lemma poly_trace_poly [simp]: "poly (trace_poly q) x = x ^ q\<^sup>2 + x ^ q + x"
  by (simp add: trace_poly_def poly_monom)

lemma additive_power_CHAR:
  assumes "prime CHAR('a::comm_ring_1)"
  shows "additive (\<lambda>x::'a. x ^ CHAR('a) ^ n)"
  by standard (rule freshmans_dream'[OF assms refl])

lemma additive_linearized_poly:
  fixes a :: "nat \<Rightarrow> 'a::comm_ring_1"
  assumes "prime CHAR('a)"
  shows "additive (poly (\<Sum>i\<le>r. monom (a i) (CHAR('a) ^ i)))"
proof
  fix x y :: 'a
  note frobenius_add = additive.add[OF additive_power_CHAR[OF assms]]
  show "poly (\<Sum>i\<le>r. monom (a i) (CHAR('a) ^ i)) (x + y)
      = poly (\<Sum>i\<le>r. monom (a i) (CHAR('a) ^ i)) x + poly (\<Sum>i\<le>r. monom (a i) (CHAR('a) ^ i)) y"
    by (simp add: poly_sum poly_monom frobenius_add distrib_left sum.distrib)
qed

lemma linearized_poly_power_commute:
  fixes a :: "nat \<Rightarrow> 'a::comm_ring_1"
  assumes "prime CHAR('a)" and "\<forall>i\<le>r. a i ^ CHAR('a) ^ k = a i"
  shows "poly (\<Sum>i\<le>r. monom (a i) (CHAR('a) ^ i)) x ^ CHAR('a) ^ k
       = poly (\<Sum>i\<le>r. monom (a i) (CHAR('a) ^ i)) (x ^ CHAR('a) ^ k)"
proof -
  have "poly (\<Sum>i\<le>r. monom (a i) (CHAR('a) ^ i)) x ^ CHAR('a) ^ k
      = (\<Sum>i\<le>r. (a i * x ^ CHAR('a) ^ i) ^ CHAR('a) ^ k)"
    by (simp add: poly_sum poly_monom freshmans_dream_sum'[OF assms(1) refl])
  also have "\<dots> = (\<Sum>i\<le>r. a i * (x ^ CHAR('a) ^ k) ^ CHAR('a) ^ i)"
    using assms(2) by (intro sum.cong) (simp_all add: power_mult_distrib flip: power_mult add: mult.commute)
  finally show ?thesis
    by (simp add: poly_sum poly_monom)
qed

lemma Xq_minus_X_linearized_poly_commute:
  fixes a :: "nat \<Rightarrow> 'a::field"
  assumes "CHAR('a) = p" and "prime p" and "\<forall>i\<le>r. a i \<in> subfield_Fq (p ^ k)"
  shows "poly (Xq_minus_X (p ^ k)) (poly (\<Sum>i\<le>r. monom (a i) (p ^ i)) x)
       = poly (\<Sum>i\<le>r. monom (a i) (p ^ i)) (poly (Xq_minus_X (p ^ k)) x)"
proof -
  have "additive (poly (\<Sum>i\<le>r. monom (a i) (p ^ i)))"
    using additive_linearized_poly[of a r] assms(1,2) by simp
  moreover have "poly (\<Sum>i\<le>r. monom (a i) (p ^ i)) x ^ p ^ k
      = poly (\<Sum>i\<le>r. monom (a i) (p ^ i)) (x ^ p ^ k)"
    using linearized_poly_power_commute[of r a k] assms by (simp add: subfield_Fq_def)
  ultimately show ?thesis
    by (simp add: additive.diff)
qed

lemma additive_poly_Xq_minus_X:
  assumes "additive (\<lambda>x::'a::field. x ^ q)"
  shows "additive (poly (Xq_minus_X q) :: 'a \<Rightarrow> 'a)"
  by standard (simp add: additive.add[OF assms])

lemma card_roots_Xq_minus_X_le:
  assumes "q \<ge> 2"
  shows "card {x::'a::field. poly (Xq_minus_X q) x = 0} \<le> q"
proof -
  have "coeff (Xq_minus_X q) q = (1 :: 'a)"
    using assms by (simp add: Xq_minus_X_def coeff_monom)
  then have "Xq_minus_X q \<noteq> (0 :: 'a poly)"
    by auto
  moreover have "degree (Xq_minus_X q :: 'a poly) \<le> q"
    unfolding Xq_minus_X_def using assms
    by (intro degree_diff_le) (auto intro: order.trans[OF degree_monom_le])
  ultimately show ?thesis
    using card_poly_roots_bound le_trans by blast
qed

lemma card_Gamma_set_le:
  assumes "q \<ge> 2"
  shows "card (Gamma_set q :: 'a::field set) \<le> q\<^sup>2"
proof -
  have "q < q\<^sup>2"
    using assms by (simp add: power2_eq_square)
  then have "coeff (trace_poly q) (q\<^sup>2) = (1 :: 'a)"
    using assms by (simp add: trace_poly_def coeff_monom)
  then have "trace_poly q \<noteq> (0 :: 'a poly)"
    by auto
  moreover have "degree (trace_poly q :: 'a poly) \<le> q\<^sup>2"
    unfolding trace_poly_def using assms
    by (intro degree_add_le) (auto intro: order.trans[OF degree_monom_le] simp: power2_eq_square)
  ultimately show ?thesis
    unfolding Gamma_set_def using card_poly_roots_bound le_trans by blast
qed

lemma
  fixes x :: "'a::field"
  assumes "additive (\<lambda>x::'a. x ^ q)" and "\<And>x::'a. x ^ q ^ 3 = x"
  shows trace_poly_Xq_minus_X: "poly (trace_poly q) (poly (Xq_minus_X q) x) = 0"
    and Xq_minus_X_trace_poly: "poly (Xq_minus_X q) (poly (trace_poly q) x) = 0"
proof -
  interpret additive "\<lambda>x::'a. x ^ q" by fact
  have frobenius_square: "y ^ q\<^sup>2 = (y ^ q) ^ q" and frobenius_cube: "((y ^ q) ^ q) ^ q = y" for y :: 'a
    using assms(2)[of y] by (simp_all add: power2_eq_square power3_eq_cube flip: power_mult)
  show "poly (trace_poly q) (poly (Xq_minus_X q) x) = 0"
    by (simp add: diff frobenius_square frobenius_cube)
  show "poly (Xq_minus_X q) (poly (trace_poly q) x) = 0"
    by (simp add: add frobenius_square frobenius_cube)
qed

lemma Gamma_set_eq_range_Xq_minus_X:
  assumes frobenius: "additive (\<lambda>x::'a::{field,finite}. x ^ q)"
    and card: "card (UNIV :: 'a set) = q ^ 3"
  shows "Gamma_set q = range (poly (Xq_minus_X q) :: 'a \<Rightarrow> 'a)"
proof -
  have "card {0, 1 :: 'a} \<le> card (UNIV :: 'a set)"
    by (rule card_mono) simp_all
  then have "2 \<le> q ^ 3"
    using card by simp
  have "q \<ge> 2"
  proof (rule ccontr)
    assume "\<not> q \<ge> 2"
    then have "q ^ 3 \<le> 1"
      by (intro power_le_one) auto
    with \<open>2 \<le> q ^ 3\<close> show False
      by simp
  qed
  let ?\<psi> = "poly (Xq_minus_X q) :: 'a \<Rightarrow> 'a"
  have "x ^ q ^ 3 = x" for x :: 'a
    using field_power_card_eq_self[of x] card by simp
  then have range_sub: "range ?\<psi> \<subseteq> Gamma_set q"
    using trace_poly_Xq_minus_X[OF frobenius] by (auto simp: Gamma_set_def)
  interpret additive ?\<psi>
    by (rule additive_poly_Xq_minus_X[OF frobenius])
  have "q\<^sup>2 * q = card (range ?\<psi>) * card {x. ?\<psi> x = 0}"
    using card_UNIV_eq_card_range_mult_card_kernel card by (simp add: power3_eq_cube power2_eq_square)
  also have "\<dots> \<le> card (range ?\<psi>) * q"
    by (rule mult_le_mono2[OF card_roots_Xq_minus_X_le[OF \<open>q \<ge> 2\<close>]])
  finally have "q\<^sup>2 \<le> card (range ?\<psi>)"
    using \<open>q \<ge> 2\<close> by simp
  then have "card (Gamma_set q :: 'a set) \<le> card (range ?\<psi>)"
    using card_Gamma_set_le[OF \<open>q \<ge> 2\<close>, where 'a = 'a] by linarith
  then have "range ?\<psi> = Gamma_set q"
    by (rule card_seteq[OF finite range_sub])
  then show ?thesis ..
qed

theorem lemma3p1:
  fixes p k r :: nat and a :: "nat \<Rightarrow> 'a::{field,finite}" and B C :: "'a poly"
  assumes "prime p" and "k > 0" and "card (UNIV :: 'a set) = (p ^ k) ^ 3"
    and "\<forall>i\<le>r. a i \<in> subfield_Fq (p ^ k)"
  shows "bij (poly ((\<Sum>i\<le>r. monom (a i) (p ^ i))
                  + pcompose B (Xq_minus_X (p ^ k))
                  + pcompose (trace_poly (p ^ k)) C))
    \<longleftrightarrow>
      (bij_betw (poly ((\<Sum>i\<le>r. monom (a i) (p ^ i)) + pcompose (Xq_minus_X (p ^ k)) B))
                (Gamma_set (p ^ k)) (Gamma_set (p ^ k))
       \<and> (\<forall>u. inj_on (poly ((\<Sum>i\<le>r. monom (a i) (p ^ i)) + pcompose (trace_poly (p ^ k)) C))
                      ((\<lambda>x. u + x) ` subfield_Fq (p ^ k))))"
proof -
  define q where "q = p ^ k"
  define \<psi> where "\<psi> = (poly (Xq_minus_X q) :: 'a \<Rightarrow> 'a)"
  define L where "L = poly (\<Sum>i\<le>r. monom (a i) (p ^ i))"
  have "CHAR('a) = p"
    using CHAR_eq_of_card_eq_prime_power[of p "k * 3"] assms(1-3) by (simp add: power_mult)
  then have frobenius: "additive (\<lambda>x::'a. x ^ q)"
    using additive_power_CHAR[where 'a = 'a, of k] assms(1) by (simp add: q_def)
  have "x ^ q ^ 3 = x" for x :: 'a
    using field_power_card_eq_self[of x] assms(3) by (simp add: q_def)
  then have \<psi>_T: "\<psi> (poly (trace_poly q) z) = 0" for z
    unfolding \<psi>_def by (rule Xq_minus_X_trace_poly[OF frobenius])
  have \<psi>_L: "\<psi> (L x) = L (\<psi> x)" for x
    unfolding \<psi>_def L_def q_def by (rule Xq_minus_X_linearized_poly_commute[OF \<open>CHAR('a) = p\<close> assms(1,4)])
  have "additive \<psi>"
    unfolding \<psi>_def by (rule additive_poly_Xq_minus_X[OF frobenius])
  have Gamma: "Gamma_set q = range \<psi>"
    using Gamma_set_eq_range_Xq_minus_X[OF frobenius] assms(3) by (simp add: \<psi>_def q_def)
  have F_q: "subfield_Fq q = {z. \<psi> z = 0}"
    by (simp add: subfield_Fq_def \<psi>_def)
  have poly_eqs:
    "poly ((\<Sum>i\<le>r. monom (a i) (p ^ i)) + pcompose B (Xq_minus_X q) + pcompose (trace_poly q) C)
       = (\<lambda>x. L x + poly B (\<psi> x) + poly (trace_poly q) (poly C x))"
    "poly ((\<Sum>i\<le>r. monom (a i) (p ^ i)) + pcompose (Xq_minus_X q) B) = (\<lambda>y. L y + \<psi> (poly B y))"
    "poly ((\<Sum>i\<le>r. monom (a i) (p ^ i)) + pcompose (trace_poly q) C)
       = (\<lambda>x. L x + poly (trace_poly q) (poly C x))"
    by (simp_all add: fun_eq_iff poly_pcompose L_def \<psi>_def)
  show ?thesis
    unfolding q_def[symmetric] poly_eqs Gamma F_q
    by (rule AGW_criterion_additive[where \<psi> = \<psi> and L = L and B = "poly B" and T = "poly (trace_poly q)" and C = "poly C",
          OF finite_UNIV \<open>additive \<psi>\<close> \<psi>_L \<psi>_T])
qed

end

Requirement: Starting at the line that has "by (rule card_seteq[OF finite range_sub])" in the records above, restate word for word every line until the one that has "set) = (p ^ k)", and include that one as well.

Output:
    by (rule card_seteq[OF finite range_sub])
  then show ?thesis ..
qed

theorem lemma3p1:
  fixes p k r :: nat and a :: "nat \<Rightarrow> 'a::{field,finite}" and B C :: "'a poly"
  assumes "prime p" and "k > 0" and "card (UNIV :: 'a set) = (p ^ k) ^ 3"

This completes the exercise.